#### BRIEF:
Count, in the entries below, the lines in which "moreover" occurs. Give the number, nothing more.

BEGIN TASK MATERIAL

lemma kron_mat_smult:
  "kron_mat (x \<cdot>\<^sub>m X) (y \<cdot>\<^sub>m Y) = (x * y :: 'a :: comm_semiring_0) \<cdot>\<^sub>m kron_mat X Y"
proof (rule eq_matI)
  fix i j assume "i < dim_row ((x * y) \<cdot>\<^sub>m kron_mat X Y)" "j < dim_col ((x * y) \<cdot>\<^sub>m kron_mat X Y)"
  then have "i < dim_row X * dim_row Y" "j < dim_col X * dim_col Y" by (auto simp: kron_mat_def)
  moreover from this have "dim_row Y > 0" "dim_col Y > 0" by (auto intro!: gr0I)
  ultimately show "kron_mat (x \<cdot>\<^sub>m X) (y \<cdot>\<^sub>m Y) $$ (i, j) = ((x * y) \<cdot>\<^sub>m kron_mat X Y) $$ (i, j)"
    by (simp add: kron_mat_def less_mult_imp_div_less mult_ac)
qed (auto simp: kron_mat_def)

lemma upper_triangular_kron_mat:
  assumes "X \<in> carrier_mat n n" "Y \<in> carrier_mat m m" "upper_triangular X" "upper_triangular Y"
  shows "upper_triangular (kron_mat X Y :: 'a :: mult_zero mat)"
proof (rule upper_triangularI)
  fix i j assume ji: "j < i" and "i < dim_row (kron_mat X Y)"
  then have i: "i < n * m" using assms by (auto simp: kron_mat_def)
  then have "m > 0" by (auto intro!: gr0I)
  have "j div m < i div m \<or> j div m = i div m \<and> j mod m < i mod m"
    using ji div_le_mono[of j i m] by (metis div_mult_mod_eq le_neq_implies_less less_imp_le nat_add_left_cancel_less)
  moreover have "i div m < n" "i mod m < m"
    using i \<open>m > 0\<close> by (auto simp: less_mult_imp_div_less)
  ultimately show "kron_mat X Y $$ (i, j) = 0"
    using assms i ji upper_triangularD[of X] upper_triangularD[of Y] by (auto simp: kron_mat_def)
qed

lemma word_prod_kron_mat:
  assumes "M \<in> carrier_mat n n" "N \<in> carrier_mat n n" "M' \<in> carrier_mat m m" "N' \<in> carrier_mat m m"
  shows "word_prod (kron_mat M M') (kron_mat N N') a = kron_mat (word_prod M N a) (word_prod M' N' a)"
  by (rule word_prod_hom2[OF assms, where k = "n * m"])
    (simp_all add: kron_mat_carrier kron_mat_mult kron_mat_one)

lemma kron_E_mat:
  assumes "n \<ge> 1" "m \<ge> 1"
  shows "kron_mat (E_mat n) (E_mat m) = E_mat (n * m)"
proof -
  have "(n - 1) * m + (m - 1) = n * m - 1"
    using assms by (simp add: algebra_simps)
  then show ?thesis
    using assms by (simp add: E_mat_single_entry kron_mat_single_entry)
qed

lemma four_block_E_mat:
  assumes "n \<ge> 1" "m \<ge> 1"
  shows "four_block_mat (0\<^sub>m n n) (c \<cdot>\<^sub>m single_entry_mat n m 0 (m - 1)) (0\<^sub>m m n) (0\<^sub>m m m)
    = c \<cdot>\<^sub>m E_mat (n + m)"
  using assms by (intro eq_matI) (auto simp: E_mat_def single_entry_mat_def)

lemma four_block_sum_E_mat:
  fixes A W B A' W' B' :: "int mat"
  assumes "n \<ge> 1" "m \<ge> 1"
    and carrier: "A \<in> carrier_mat n n" "W \<in> carrier_mat n n" "B \<in> carrier_mat n n"
      "A' \<in> carrier_mat m m" "W' \<in> carrier_mat m m" "B' \<in> carrier_mat m m"
    and eq: "A * W * B = x \<cdot>\<^sub>m E_mat n" "A' * W' * B' = y \<cdot>\<^sub>m E_mat m"
  shows "four_block_mat A (single_entry_mat n m 0 0 * A') (0\<^sub>m m n) (0\<^sub>m m m)
      * four_block_mat W (0\<^sub>m n m) (0\<^sub>m m n) W'
      * four_block_mat (0\<^sub>m n n) (B * single_entry_mat n m (n - 1) (m - 1)) (0\<^sub>m m n) B'
    = (x + y) \<cdot>\<^sub>m E_mat (n + m)"
proof -
  let ?K = "single_entry_mat n m 0 0 :: int mat"
  let ?L = "single_entry_mat n m (n - 1) (m - 1) :: int mat"
  let ?F = "single_entry_mat n m 0 (m - 1) :: int mat"
  have "A * W * (B * ?L) = (A * W * B) * ?L"
    using carrier by (simp add: assoc_mult_mat[of _ n n _ n _ m])
  also have "\<dots> = x \<cdot>\<^sub>m (E_mat n * ?L)"
    by (simp add: eq E_mat_single_entry mult_smult_assoc_mat[of _ n n _ m])
  also have "E_mat n * ?L = ?F"
    using assms(1) by (simp add: E_mat_single_entry single_entry_mat_mult)
  finally have corner1: "A * W * (B * ?L) = x \<cdot>\<^sub>m ?F" .
  have "?K * A' * W' * B' = ?K * (A' * W' * B')"
    using carrier by (simp add: assoc_mult_mat[of _ n m _ m _ m])
  also have "\<dots> = y \<cdot>\<^sub>m (?K * E_mat m)"
    by (simp add: eq E_mat_single_entry mult_smult_distrib[of _ n m _ m])
  also have "?K * E_mat m = ?F"
    using assms(2) by (simp add: E_mat_single_entry single_entry_mat_mult)
  finally have corner2: "?K * A' * W' * B' = y \<cdot>\<^sub>m ?F" .
  have "four_block_mat A (?K * A') (0\<^sub>m m n) (0\<^sub>m m m) * four_block_mat W (0\<^sub>m n m) (0\<^sub>m m n) W'
      = four_block_mat (A * W) (?K * A' * W') (0\<^sub>m m n) (0\<^sub>m m m)"
    using carrier by (subst mult_four_block_mat) (auto simp: dim_single_entry_mat)
  also have "\<dots> * four_block_mat (0\<^sub>m n n) (B * ?L) (0\<^sub>m m n) B'
      = four_block_mat (0\<^sub>m n n) (A * W * (B * ?L) + ?K * A' * W' * B') (0\<^sub>m m n) (0\<^sub>m m m)"
    using carrier by (subst mult_four_block_mat) (auto simp: dim_single_entry_mat)
  also have "\<dots> = (x + y) \<cdot>\<^sub>m E_mat (n + m)"
    unfolding corner1 corner2 using four_block_E_mat[OF assms(1,2)]
    by (simp add: add_smult_distrib_right_mat[OF single_entry_mat_carrier, symmetric])
  finally show ?thesis .
qed

definition word_represents ::
  "nat \<Rightarrow> nat \<Rightarrow> int mat \<Rightarrow> int mat \<Rightarrow> int mat \<Rightarrow> int mat \<Rightarrow> (nat list \<Rightarrow> int) \<Rightarrow> bool" where
  "word_represents t s A M N B f \<longleftrightarrow>
     s \<ge> 1 \<and> uptr_mat s A \<and> uptr_mat s M \<and> uptr_mat s N \<and> uptr_mat s B \<and>
     (\<forall>a. length a = t \<longrightarrow> A * word_prod M N a * B = f a \<cdot>\<^sub>m E_mat s)"

lemma word_represents_add:
  assumes "word_represents t n A M N B f" "word_represents t m A' M' N' B' g"
  shows "word_represents t (n + m)
    (four_block_mat A (single_entry_mat n m 0 0 * A') (0\<^sub>m m n) (0\<^sub>m m m))
    (four_block_mat M (0\<^sub>m n m) (0\<^sub>m m n) M')
    (four_block_mat N (0\<^sub>m n m) (0\<^sub>m m n) N')
    (four_block_mat (0\<^sub>m n n) (B * single_entry_mat n m (n - 1) (m - 1)) (0\<^sub>m m n) B')
    (\<lambda>a. f a + g a)"
proof -
  from assms have n: "n \<ge> 1" "uptr_mat n A" "uptr_mat n M" "uptr_mat n N" "uptr_mat n B"
    and m: "m \<ge> 1" "uptr_mat m A'" "uptr_mat m M'" "uptr_mat m N'" "uptr_mat m B'"
    by (simp_all add: word_represents_def)
  then have carrier: "A \<in> carrier_mat n n" "M \<in> carrier_mat n n" "N \<in> carrier_mat n n" "B \<in> carrier_mat n n"
    "A' \<in> carrier_mat m m" "M' \<in> carrier_mat m m" "N' \<in> carrier_mat m m" "B' \<in> carrier_mat m m"
    by (simp_all add: uptr_mat_def)
  have uptr: "uptr_mat (n + m) (four_block_mat X Y (0\<^sub>m m n) Z)"
    if "uptr_mat n X" "Y \<in> carrier_mat n m" "uptr_mat m Z" for X Y Z
    using that upper_triangular_four_block[of X n Z m Y] by (auto simp: uptr_mat_def)
  show ?thesis
    unfolding word_represents_def
  proof (intro conjI allI impI)
    show "uptr_mat (n + m) (four_block_mat A (single_entry_mat n m 0 0 * A') (0\<^sub>m m n) (0\<^sub>m m m))"
      "uptr_mat (n + m) (four_block_mat M (0\<^sub>m n m) (0\<^sub>m m n) M')"
      "uptr_mat (n + m) (four_block_mat N (0\<^sub>m n m) (0\<^sub>m m n) N')"
      "uptr_mat (n + m) (four_block_mat (0\<^sub>m n n) (B * single_entry_mat n m (n - 1) (m - 1)) (0\<^sub>m m n) B')"
      using n m carrier by (auto intro!: uptr simp: uptr_mat_def upper_triangular_def)
    fix a :: "nat list" assume "length a = t"
    show "four_block_mat A (single_entry_mat n m 0 0 * A') (0\<^sub>m m n) (0\<^sub>m m m)
        * word_prod (four_block_mat M (0\<^sub>m n m) (0\<^sub>m m n) M') (four_block_mat N (0\<^sub>m n m) (0\<^sub>m m n) N') a
        * four_block_mat (0\<^sub>m n n) (B * single_entry_mat n m (n - 1) (m - 1)) (0\<^sub>m m n) B'
      = (f a + g a) \<cdot>\<^sub>m E_mat (n + m)"
      unfolding word_prod_block_diag[OF carrier(2,3,6,7)]
      by (rule four_block_sum_E_mat[OF n(1) m(1)])
        (use \<open>length a = t\<close> assms carrier word_prod_carrier in \<open>simp_all add: word_represents_def\<close>)
  qed (use n in simp)
qed

lemma word_represents_mult:
  assumes "word_represents t n A M N B f" "word_represents t m A' M' N' B' g"
  shows "word_represents t (n * m) (kron_mat A A') (kron_mat M M') (kron_mat N N') (kron_mat B B')
    (\<lambda>a. f a * g a)"
proof -
  from assms have n: "n \<ge> 1" "uptr_mat n A" "uptr_mat n M" "uptr_mat n N" "uptr_mat n B"
    and m: "m \<ge> 1" "uptr_mat m A'" "uptr_mat m M'" "uptr_mat m N'" "uptr_mat m B'"
    by (simp_all add: word_represents_def)
  then have carrier: "A \<in> carrier_mat n n" "M \<in> carrier_mat n n" "N \<in> carrier_mat n n" "B \<in> carrier_mat n n"
    "A' \<in> carrier_mat m m" "M' \<in> carrier_mat m m" "N' \<in> carrier_mat m m" "B' \<in> carrier_mat m m"
    by (simp_all add: uptr_mat_def)
  have uptr: "uptr_mat (n * m) (kron_mat X Y)" if "uptr_mat n X" "uptr_mat m Y" for X Y
    using that by (auto simp: uptr_mat_def kron_mat_carrier intro: upper_triangular_kron_mat)
  show ?thesis
    unfolding word_represents_def
  proof (intro conjI allI impI)
    fix a :: "nat list" assume "length a = t"
    then have "A * word_prod M N a * B = f a \<cdot>\<^sub>m E_mat n" "A' * word_prod M' N' a * B' = g a \<cdot>\<^sub>m E_mat m"
      using assms by (simp_all add: word_represents_def)
    moreover have "kron_mat A A' * kron_mat (word_prod M N a) (word_prod M' N' a) * kron_mat B B'
        = kron_mat (A * word_prod M N a * B) (A' * word_prod M' N' a * B')"
      using carrier word_prod_carrier by (simp add: kron_mat_mult[of _ n n _ n _ m m _ m])
    ultimately show "kron_mat A A' * word_prod (kron_mat M M') (kron_mat N N') a * kron_mat B B'
        = (f a * g a) \<cdot>\<^sub>m E_mat (n * m)"
      using n(1) m(1) by (simp add: word_prod_kron_mat[OF carrier(2,3,6,7)] kron_mat_smult kron_E_mat)
  qed (use n m in \<open>simp_all add: uptr\<close>)
qed

lemma word_represents_smult:
  assumes "word_represents t s A M N B f"
  shows "word_represents t s (c \<cdot>\<^sub>m A) M N B (\<lambda>a. c * f a)"
proof -
  have "uptr_mat s (c \<cdot>\<^sub>m A)"
    using assms by (auto simp: word_represents_def uptr_mat_def upper_triangular_def)
  moreover have "c \<cdot>\<^sub>m A * word_prod M N a * B = (c * f a) \<cdot>\<^sub>m E_mat s" if "length a = t" for a
  proof -
    have carrier: "A \<in> carrier_mat s s" "word_prod M N a \<in> carrier_mat s s" "B \<in> carrier_mat s s"
      using assms word_prod_carrier by (auto simp: word_represents_def uptr_mat_def)
    then have "c \<cdot>\<^sub>m A * word_prod M N a * B = c \<cdot>\<^sub>m (A * word_prod M N a * B)"
      by (simp add: mult_smult_assoc_mat[of _ s s _ s])
    also have "\<dots> = c \<cdot>\<^sub>m (f a \<cdot>\<^sub>m E_mat s)"
      using assms that by (simp add: word_represents_def)
    also have "\<dots> = (c * f a) \<cdot>\<^sub>m E_mat s"
      by (rule eq_matI) auto
    finally show ?thesis .
  qed
  ultimately show ?thesis
    using assms by (simp add: word_represents_def)
qed

theorem lemma4p2:
  fixes t s1 s2 :: nat and p1 p2 :: int_mpoly
    and A1 M1 N1 B1 A2 M2 N2 B2 :: "int mat"
  assumes "t \<ge> 1"
    and "mpoly_in_vars t p1" and "mpoly_in_vars t p2"
    and "s1 \<ge> 1" and "s2 \<ge> 1"
    and "uptr_mat s1 A1" "uptr_mat s1 M1" "uptr_mat s1 N1" "uptr_mat s1 B1"
    and "uptr_mat s2 A2" "uptr_mat s2 M2" "uptr_mat s2 N2" "uptr_mat s2 B2"
    and h1: "\<forall>a. length a = t \<longrightarrow>
               A1 * word_prod M1 N1 a * B1 = of_int (mpoly_eval p1 a) \<cdot>\<^sub>m E_mat s1"
    and h2: "\<forall>a. length a = t \<longrightarrow>
               A2 * word_prod M2 N2 a * B2 = of_int (mpoly_eval p2 a) \<cdot>\<^sub>m E_mat s2"
  shows "(\<exists>s3 A3 M3 N3 B3. s3 \<ge> 1 \<and> uptr_mat s3 A3 \<and> uptr_mat s3 M3 \<and> uptr_mat s3 N3 \<and>
            uptr_mat s3 B3 \<and>
            (\<forall>a. length a = t \<longrightarrow> A3 * word_prod M3 N3 a * B3 =
               of_int (mpoly_eval (p1 + p2) a) \<cdot>\<^sub>m E_mat s3))
       \<and> (\<exists>s4 A4 M4 N4 B4. s4 \<ge> 1 \<and> uptr_mat s4 A4 \<and> uptr_mat s4 M4 \<and> uptr_mat s4 N4 \<and>
            uptr_mat s4 B4 \<and>
            (\<forall>a. length a = t \<longrightarrow> A4 * word_prod M4 N4 a * B4 =
               of_int (mpoly_eval (p1 * p2) a) \<cdot>\<^sub>m E_mat s4))
       \<and> (\<forall>c::int. \<exists>A5. uptr_mat s1 A5 \<and>
            (\<forall>a. length a = t \<longrightarrow> A5 * word_prod M1 N1 a * B1 =
               (c * mpoly_eval p1 a) \<cdot>\<^sub>m E_mat s1))"
proof -
  have rep1: "word_represents t s1 A1 M1 N1 B1 (mpoly_eval p1)"
    and rep2: "word_represents t s2 A2 M2 N2 B2 (mpoly_eval p2)"
    using assms by (simp_all add: word_represents_def)
  have "\<exists>A M N B. word_represents t (s1 + s2) A M N B (mpoly_eval (p1 + p2))"
    using word_represents_add[OF rep1 rep2] by (auto simp: mpoly_eval_add[symmetric])
  moreover have "\<exists>A M N B. word_represents t (s1 * s2) A M N B (mpoly_eval (p1 * p2))"
    using word_represents_mult[OF rep1 rep2] by (auto simp: mpoly_eval_mult[symmetric])
  moreover have "word_represents t s1 (c \<cdot>\<^sub>m A1) M1 N1 B1 (\<lambda>a. c * mpoly_eval p1 a)" for c
    by (rule word_represents_smult[OF rep1])
  ultimately show ?thesis
    unfolding word_represents_def of_int_eq_id id_apply by blast
qed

END TASK MATERIAL

#### ANSWER SECTION:
6